LOCAL hosts Free the Taps fundraisers in Tulsa and Oklahoma City and wants to hire a lobbyist who can work with legislators to change the law. Hall realizes that it could take years achieve the desired outcome and he hopes his group can start the legislative process in 2015.

Foam runs over the brim during at a recnt Free the Taps rally held recently at Roughtail Brewing Company.  mh
  • Foam runs over the brim during at a recnt Free the Taps rally held recently at Roughtail Brewing Company. mh

Grassroots efforts to change Oklahoma’s alcohol laws have sprouted before, but LOCAL draws inspiration from similar, successful groups in other states. In 2013, Free the Hops, a beer advocacy group in Alabama, helped pass a bill that legalized home brewing and shares similar goals with LOCAL when it comes to restrictions on small breweries.

As brewery growth explodes across the country, Hall believes that a local market that is friendlier to breweries will increase tax revenue, jobs and quality of life. United States Census numbers show that, since 2007, the number of U.S. breweries doubled to nearly 900 and revenue increased by 33.6 percent.

Tielli believes a change in the law would have an instant impact on his business.

“I would hire another person tomorrow,” Tielli said. “We’ve sold a ton of beer [to stores and bars], but we are barely keeping the lights on by doing that. It’s that taproom business that allows small breweries like us to survive.”

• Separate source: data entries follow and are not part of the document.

lemma distr_mahal_lborel:
  fixes \<mu> :: "real^'m"
  defines "a \<equiv> real CARD('m) / 2"
  assumes S: "quadratic_posdef S"
  shows "distr lborel borel (mahal \<mu> S) =
    density lborel (\<lambda>t. ennreal (indicator {0<..} t * (a * unit_ellipsoid_volume S * t powr (a - 1))))"
    (is "_ = density lborel ?d")
proof (rule measure_eqI_generator_eq[where E = "range atMost" and \<Omega> = UNIV and A = "\<lambda>i. {..real i}"])
  show "Int_stable (range atMost :: real set set)"
    by (auto simp: Int_stable_def intro!: range_eqI[of _ _ "min _ _"])
  show "range atMost \<subseteq> Pow (UNIV :: real set)" by simp
  show "sets (distr lborel borel (mahal \<mu> S)) = sigma_sets UNIV (range atMost)"
    and "sets (density lborel ?d) = sigma_sets UNIV (range atMost)"
    by (simp_all add: borel_eq_atMost sets_measure_of)
  have a: "0 < a" unfolding a_def by simp
  have V: "0 \<le> unit_ellipsoid_volume S" unfolding unit_ellipsoid_volume_def by simp
  have distr_atMost: "emeasure (distr lborel borel (mahal \<mu> S)) {..s} = emeasure lborel {x. mahal \<mu> S x \<le> s}" for s
    by (simp add: emeasure_distr vimage_def)
  have density_atMost: "emeasure (density lborel ?d) {..s} = (if 0 < s then ennreal (s powr a * unit_ellipsoid_volume S) else 0)" for s
  proof (cases "0 < s")
    case True
    then show ?thesis
      by (simp add: emeasure_density nn_integral_power_density_atMost[OF a V True])
  next
    case False
    then have "?d y * indicator {..s} y = 0" for y by (auto simp: indicator_def)
    then have "(\<integral>\<^sup>+y. ?d y * indicator {..s} y \<partial>lborel) = 0" by (simp only:) simp
    then show ?thesis using False by (simp add: emeasure_density)
  qed
  show "emeasure (distr lborel borel (mahal \<mu> S)) X = emeasure (density lborel ?d) X" if "X \<in> range atMost" for X
    using that distr_atMost density_atMost emeasure_mahal_sublevel[OF S] emeasure_mahal_sublevel_nonpos[OF S]
    by (auto simp: a_def)
  show "range (\<lambda>i::nat. {..real i}) \<subseteq> range atMost" by auto
  show "(\<Union>i::nat. {..real i}) = UNIV" by (auto simp: real_arch_simple)
  show "emeasure (distr lborel borel (mahal \<mu> S)) {..real i} \<noteq> \<infinity>" for i :: nat
    using distr_atMost emeasure_mahal_sublevel[OF S] emeasure_mahal_sublevel_nonpos[OF S]
    by (cases "i = 0") simp_all
qed

section \<open>Elliptical measures\<close>

lemma sets_RES [simp, measurable_cong]: "sets (RES \<mu> S g) = sets borel"
  unfolding RES_def by simp

lemma space_RES [simp]: "space (RES \<mu> S g) = UNIV"
  unfolding RES_def by simp

lemma borel_measurable_RES: "borel_measurable (RES \<mu> S g) = borel_measurable borel"
  by (rule measurable_cong_sets) simp_all

lemma RES_density_off_center:
  assumes "quadratic_posdef S" "x \<noteq> \<mu>"
  shows "RES_density \<mu> S g x = det S powr (-1/2) * (indicator {0<..} (mahal \<mu> S x) * g (mahal \<mu> S x))"
  using mahal_pos[OF assms] by (simp add: RES_density_def)

lemma borel_measurable_RES_density:
  assumes S: "quadratic_posdef S" and g: "G_class CARD('m) g"
  shows "RES_density (\<mu> :: real^'m) S g \<in> borel_measurable borel"
proof -
  have [measurable]: "(\<lambda>t. indicator {0<..} t * g t) \<in> borel_measurable borel"
    using g unfolding G_class_def set_borel_measurable_def by simp
  have "RES_density \<mu> S g =
      (\<lambda>x. if x = \<mu> then RES_density \<mu> S g \<mu>
        else det S powr (-1/2) * (indicator {0<..} (mahal \<mu> S x) * g (mahal \<mu> S x)))"
    using RES_density_off_center[OF S] by auto
  also have "\<dots> \<in> borel_measurable borel" by measurable
  finally show ?thesis .
qed

lemma distr_lborel_point_reflection:
  fixes \<mu> :: "'a::euclidean_space"
  shows "distr lborel borel (\<lambda>x. 2 *\<^sub>R \<mu> - x) = lborel"
proof -
  have "lborel = density (distr lborel borel (\<lambda>x. 2 *\<^sub>R \<mu> + (-1) *\<^sub>R x)) (\<lambda>_. ennreal (\<bar>-1::real\<bar> ^ DIM('a)))"
    by (rule lborel_affine) simp
  then show ?thesis by (simp add: density_1)
qed

context
  fixes \<mu> :: "real^'m" and S g
  assumes RES_density_measurable[measurable]: "RES_density \<mu> S g \<in> borel_measurable borel"
begin

lemma AE_RES_ne_center: "AE x in RES \<mu> S g. x \<noteq> \<mu>"
  using AE_lborel_singleton[of \<mu>] unfolding RES_def by (subst AE_density) (auto elim: AE_mp)

lemma distr_RES_point_reflection:
  "distr (RES \<mu> S g) borel (\<lambda>x. 2 *\<^sub>R \<mu> - x) = RES \<mu> S g"
proof -
  have [measurable]: "(\<lambda>x. 2 *\<^sub>R \<mu> - x) \<in> borel_measurable lborel" by simp
  have "RES_density \<mu> S g (2 *\<^sub>R \<mu> - x) = RES_density \<mu> S g x" for x
    by (simp add: RES_density_def mahal_point_reflection)
  moreover have "density (distr lborel borel (\<lambda>x. 2 *\<^sub>R \<mu> - x)) (\<lambda>x. ennreal (RES_density \<mu> S g x)) =
      distr (density lborel (\<lambda>x. ennreal (RES_density \<mu> S g (2 *\<^sub>R \<mu> - x)))) borel (\<lambda>x. 2 *\<^sub>R \<mu> - x)"
    by (rule density_distr) measurable
  ultimately show ?thesis
    unfolding RES_def distr_lborel_point_reflection by simp
qed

Changing alcohol laws here has been difficult. In 2011, the Legislature created a task force to consider changing a ban on high-point alcohol sales at grocery stores, but it disbanded after two meetings due to a lack of consensus among its members.

After the end of prohibition, Oklahoma remained a dry state for nearly 26 more years and liquor by the drink was illegal until 1985.

If successful, LOCAL might also advocate to change laws that restrict beer sales here, including a law that requires liquor stores to sell high-point beer at room temperature. As a result of that law, some brewers refuse to ship to Oklahoma because their products must remain refrigerated.

Current laws also inhibit local brewers from selling directly to retailers or distributing directly to restaurants, bars and stores.

“If you have a bar and said you wanted to buy my beer I would say, ‘Great, but you have to contact your distributor,’” Tielli said.

Brewers like Tielli are hopeful that LOCAL will make an impact that they are unable to make on their own.

“If there is going to be change, it’s going to come from a group like [LOCAL],” Tielli said. “If brewery owners to go and try to talk to lawmakers, they are going to look at that as us trying to advance our own businesses. But when lawmakers see that there are a ton of people who are taxpayers, voters and citizens in their state that support this, that is a much different situation for them.”

Print headline: Tapping freedom, LOCAL group advocates to change Oklahoma’s beer and liquor laws.